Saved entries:
┌──
subsection \<open>Symmetric elements are palindromes\<close>

definition cancelling :: "letter \<Rightarrow> letter \<Rightarrow> bool" where
  "cancelling l1 l2 \<longleftrightarrow> fst l1 = fst l2 \<and> snd l1 \<noteq> snd l2"

lemma reduced_word_Cons_iff:
  "reduced_word (l # w) \<longleftrightarrow> (w \<noteq> [] \<longrightarrow> \<not> cancelling l (hd w)) \<and> reduced_word w"
  by (cases w) (auto simp: cancelling_def)

lemma reduced_word_append_iff:
  "reduced_word (u @ v) \<longleftrightarrow> reduced_word u \<and> reduced_word v \<and>
     (u \<noteq> [] \<longrightarrow> v \<noteq> [] \<longrightarrow> \<not> cancelling (last u) (hd v))"
  by (induction u) (auto simp: reduced_word_Cons_iff)

lemma reduced_word_replicate: "reduced_word (replicate n l)"
  by (induction n) (auto simp: reduced_word_Cons_iff cancelling_def)

definition a_pow_word :: "int \<Rightarrow> letter list" where
  "a_pow_word c = replicate (nat \<bar>c\<bar>) (True, c \<ge> 0)"

definition b_pow_word :: "int \<Rightarrow> letter list" where
  "b_pow_word c = replicate (nat \<bar>c\<bar>) (False, c \<ge> 0)"

lemma word_val_replicate_a:
  "word_val (replicate n (True, s)) = (\<lambda>x. if x = 0 then (if s then int n else - int n) else 0, 0)"
  by (induction n) (auto simp: letter_val_def wr_a_def wr_inv_def wr_mult_def wr_one_def fun_eq_iff)

lemma word_val_replicate_b:
  "word_val (replicate n (False, s)) = (\<lambda>x. 0, if s then int n else - int n)"
  by (induction n) (auto simp: letter_val_def wr_b_def wr_inv_def wr_mult_def wr_one_def fun_eq_iff)

lemma word_val_a_pow_word: "word_val (a_pow_word c) = (\<lambda>x. if x = 0 then c else 0, 0)"
  by (auto simp: a_pow_word_def word_val_replicate_a fun_eq_iff)

lemma word_val_b_pow_word: "word_val (b_pow_word c) = (\<lambda>x. 0, c)"
  by (auto simp: b_pow_word_def word_val_replicate_b)

fun coeff_word :: "int list \<Rightarrow> letter list" where
  "coeff_word [] = []"
| "coeff_word [c] = a_pow_word c"
| "coeff_word (c # d # cs) = a_pow_word c @ (False, True) # coeff_word (d # cs)"

lemma coeff_word_no_b_inv: "l \<in> set (coeff_word cs) \<Longrightarrow> fst l \<or> snd l"
  by (induction cs rule: coeff_word.induct) (auto simp: a_pow_word_def)

lemma reduced_coeff_word: "reduced_word (coeff_word cs)"
proof (induction cs rule: coeff_word.induct)
  case (3 c d cs)
  have "\<not> cancelling (False, True) (hd (coeff_word (d # cs)))" if "coeff_word (d # cs) \<noteq> []"
    using coeff_word_no_b_inv[of "hd (coeff_word (d # cs))" "d # cs"] that
    by (auto simp: cancelling_def)
  with 3 show ?case
    by (auto simp: reduced_word_append_iff reduced_word_Cons_iff a_pow_word_def
        reduced_word_replicate cancelling_def)
qed (auto simp: a_pow_word_def reduced_word_replicate)

lemma coeff_word_append:
  "cs \<noteq> [] \<Longrightarrow> ds \<noteq> [] \<Longrightarrow> coeff_word (cs @ ds) = coeff_word cs @ (False, True) # coeff_word ds"
proof (induction cs rule: coeff_word.induct)
  case (2 c)
  then show ?case by (cases ds) auto
qed auto

lemma rev_coeff_word: "rev (coeff_word cs) = coeff_word (rev cs)"
proof (induction cs)
  case (Cons c cs)
  show ?case
  proof (cases "cs = []")
    case False
    have "rev (coeff_word ([c] @ cs)) = coeff_word (rev cs) @ (False, True) # a_pow_word c"
      using False Cons coeff_word_append[of "[c]" cs] by (simp add: a_pow_word_def)
    also have "\<dots> = coeff_word (rev cs @ [c])"
      using False by (simp add: coeff_word_append)
    finally show ?thesis by simp
  qed (simp add: a_pow_word_def)
qed simp

lemma hd_coeff_word:
  "cs \<noteq> [] \<Longrightarrow> hd cs \<noteq> 0 \<Longrightarrow> coeff_word cs \<noteq> [] \<and> fst (hd (coeff_word cs))"
  by (induction cs rule: coeff_word.induct) (auto simp: a_pow_word_def)

lemma last_coeff_word:
  assumes "cs \<noteq> []" "last cs \<noteq> 0"
  shows "coeff_word cs \<noteq> [] \<and> fst (last (coeff_word cs))"
  using hd_coeff_word[of "rev cs"] assms
  by (metis Nil_is_rev_conv hd_rev rev_coeff_word rev_is_Nil_conv rev_rev_ident)

lemma word_val_coeff_word:
  "cs \<noteq> [] \<Longrightarrow> word_val (coeff_word cs) =
     (\<lambda>x. if 0 \<le> x \<and> x < int (length cs) then cs ! nat x else 0, int (length cs) - 1)"
proof (induction cs rule: coeff_word.induct)
  case (3 c d cs)
  have "word_val (coeff_word (c # d # cs)) =
    wr_mult (word_val (a_pow_word c)) (wr_mult (letter_val (False, True)) (word_val (coeff_word (d # cs))))"
    by (simp add: word_val_append)
  then show ?case
    by (simp add: 3 word_val_a_pow_word letter_val_def wr_b_def wr_mult_def fun_eq_iff)
      (auto simp: nth_Cons' nat_diff_distrib)
qed (auto simp: word_val_a_pow_word fun_eq_iff)

lemma word_val_conj_coeff_word:
  assumes "cs \<noteq> []"
  shows "word_val (b_pow_word k @ coeff_word cs @ b_pow_word k) =
    (\<lambda>x. if k \<le> x \<and> x < k + int (length cs) then cs ! nat (x - k) else 0, 2 * k + int (length cs) - 1)"
  using assms
  by (simp add: word_val_append word_val_b_pow_word word_val_coeff_word wr_mult_def fun_eq_iff)

lemma palindrome_conj_coeff_word:
  assumes "cs \<noteq> []" "rev cs = cs" "hd cs \<noteq> 0"
  shows "palindrome (word_val (b_pow_word k @ coeff_word cs @ b_pow_word k))"
proof -
  have "last cs \<noteq> 0"
    using assms by (metis hd_rev)
  then have "reduced_word (b_pow_word k @ coeff_word cs @ b_pow_word k)"
    using hd_coeff_word[OF assms(1,3)] last_coeff_word[OF assms(1)]
    by (auto simp: reduced_word_append_iff reduced_coeff_word reduced_word_replicate
        b_pow_word_def cancelling_def)
  moreover have "rev (b_pow_word k @ coeff_word cs @ b_pow_word k) = b_pow_word k @ coeff_word cs @ b_pow_word k"
    using assms(2) by (simp add: rev_coeff_word b_pow_word_def)
  ultimately show ?thesis
    unfolding palindrome_def by blast
qed
lemma laplacian_solution_up_to_laplacian:
  assumes "hpoly n g" "n \<noteq> 1"
  shows "\<exists>u. loghom 1 u \<and> (\<forall>x. x \<noteq> 0 \<longrightarrow> laplacian u x
    = g x * rw x powr (- real n - 1) + laplacian g x * rw x powr (1 - real n) / ((1 - real n) * (real n + 2)))"
proof -
  define c where "c = (1 - real n) * (real n + 2)"
  define u where "u = (\<lambda>y. inverse c * (g y * rw y powr (1 - real n)))"
  have "c \<noteq> 0"
    using assms(2) by (simp add: c_def)
  have "loghom 1 u"
    unfolding u_def using assms(1) by (intro loghom_cmult loghom_powr) auto
  moreover have "laplacian u x
      = g x * rw x powr (- real n - 1) + laplacian g x * rw x powr (1 - real n) / c" if "x \<noteq> 0" for x
  proof -
    have "laplacian u x = inverse c * laplacian (\<lambda>y. g y * rw y powr (1 - real n)) x"
      unfolding u_def using assms(1) that by (intro laplacian_loghom_cmult loghom_powr) auto
    also have "\<dots> = inverse c * (laplacian g x * rw x powr (1 - real n) + c * g x * rw x powr (- real n - 1))"
    proof -
      have "(1 - real n) * (2 * real n + (1 - real n) + 1) = c" "1 - real n - 2 = - real n - 1"
        by (simp_all add: c_def algebra_simps)
      then show ?thesis
        using laplacian_hpoly_mult_rw_powr[OF assms(1) that, of "1 - real n"] by (simp only:)
    qed
    finally show ?thesis
      using \<open>c \<noteq> 0\<close> by (simp add: field_simps)
  qed
  ultimately show ?thesis
    by (auto simp: c_def)
qed

lemma laplacian_solution:
  "hpoly n g \<Longrightarrow> \<exists>u. loghom 1 u \<and> (\<forall>x. x \<noteq> 0 \<longrightarrow> laplacian u x = g x * rw x powr (- real n - 1))"
proof (induction n arbitrary: g rule: less_induct)
  case (less n g)
  consider "n = 1" | "n = 0" | "n \<ge> 2"
    by linarith
  then show ?case
  proof cases
    case 1
    then show ?thesis
      using laplacian_solution_degree_1 less.prems by simp
  next
    case 2
    then show ?thesis
      using laplacian_solution_up_to_laplacian[OF less.prems] laplacian_hpoly_le_1[OF less.prems] by simp
  next
    case 3
    define c where "c = (1 - real n) * (real n + 2)"
    obtain u0 where u0: "loghom 1 u0" "\<forall>x. x \<noteq> 0 \<longrightarrow>
        laplacian u0 x = g x * rw x powr (- real n - 1) + laplacian g x * rw x powr (1 - real n) / c"
      using laplacian_solution_up_to_laplacian[OF less.prems] 3 unfolding c_def by auto
    obtain u1 where u1: "loghom 1 u1" "\<forall>x. x \<noteq> 0 \<longrightarrow>
        laplacian u1 x = laplacian g x * rw x powr (- real (n - 2) - 1)"
      using less.IH[OF _ hpoly_laplacian[OF less.prems]] 3 by auto
    have exponent: "- real (n - 2) - 1 = 1 - real n"
      using 3 by (simp add: of_nat_diff)
    have "laplacian (\<lambda>y. u0 y + (- inverse c) * u1 y) x = g x * rw x powr (- real n - 1)"
      if "x \<noteq> 0" for x
      unfolding laplacian_loghom_add[OF u0(1) loghom_cmult[OF u1(1)] that] laplacian_loghom_cmult[OF u1(1) that]
      using u0(2) u1(2) that exponent by (simp add: divide_inverse)
    then show ?thesis
      using u0(1) u1(1) by (blast intro: loghom_add loghom_cmult)
  qed
qed

theorem lemma3p7:
  fixes U :: "(real^3) set" and f :: "real^3 \<Rightarrow> real" and k :: nat
    and L :: "(real^3 \<Rightarrow> real) \<Rightarrow> real^3 \<Rightarrow> real"
  assumes "open U" and "0 \<in> U"
    and "homogeneous_poly k f"
    and "diff_operator L"
    and "\<forall>g\<in>W 1 U. L g \<in> W 1 U"
  shows "\<exists>u v'. u \<in> W 1 U \<and> v' \<in> W 1 U \<and>
     (\<forall>x\<in>U - {0}. laplacian u x + L u x = f x / rw x ^ (k + 1) + v' x)"
proof -
  obtain u where u: "loghom 1 u" "\<forall>x. x \<noteq> 0 \<longrightarrow> laplacian u x = f x * rw x powr (- real k - 1)"
    using laplacian_solution[OF homogeneous_poly_imp_hpoly[OF assms(3)]] by blast
  have "u \<in> W 1 U"
    using loghom_in_W[of 1] u(1) by simp
  moreover have "laplacian u x = f x / rw x ^ (k + 1)" if "x \<noteq> 0" for x
    using u(2) that by (simp add: rw_powr_minus_Suc)
  ultimately show ?thesis
    using assms(5) by (intro exI[of _ u] exI[of _ "L u"]) auto
qed

end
└──
When a line in the data above contains the string "cases", copy that line.

### Task output
  by (cases w) (auto simp: cancelling_def)
  then show ?case by (cases ds) auto
  proof (cases "cs = []")
  proof cases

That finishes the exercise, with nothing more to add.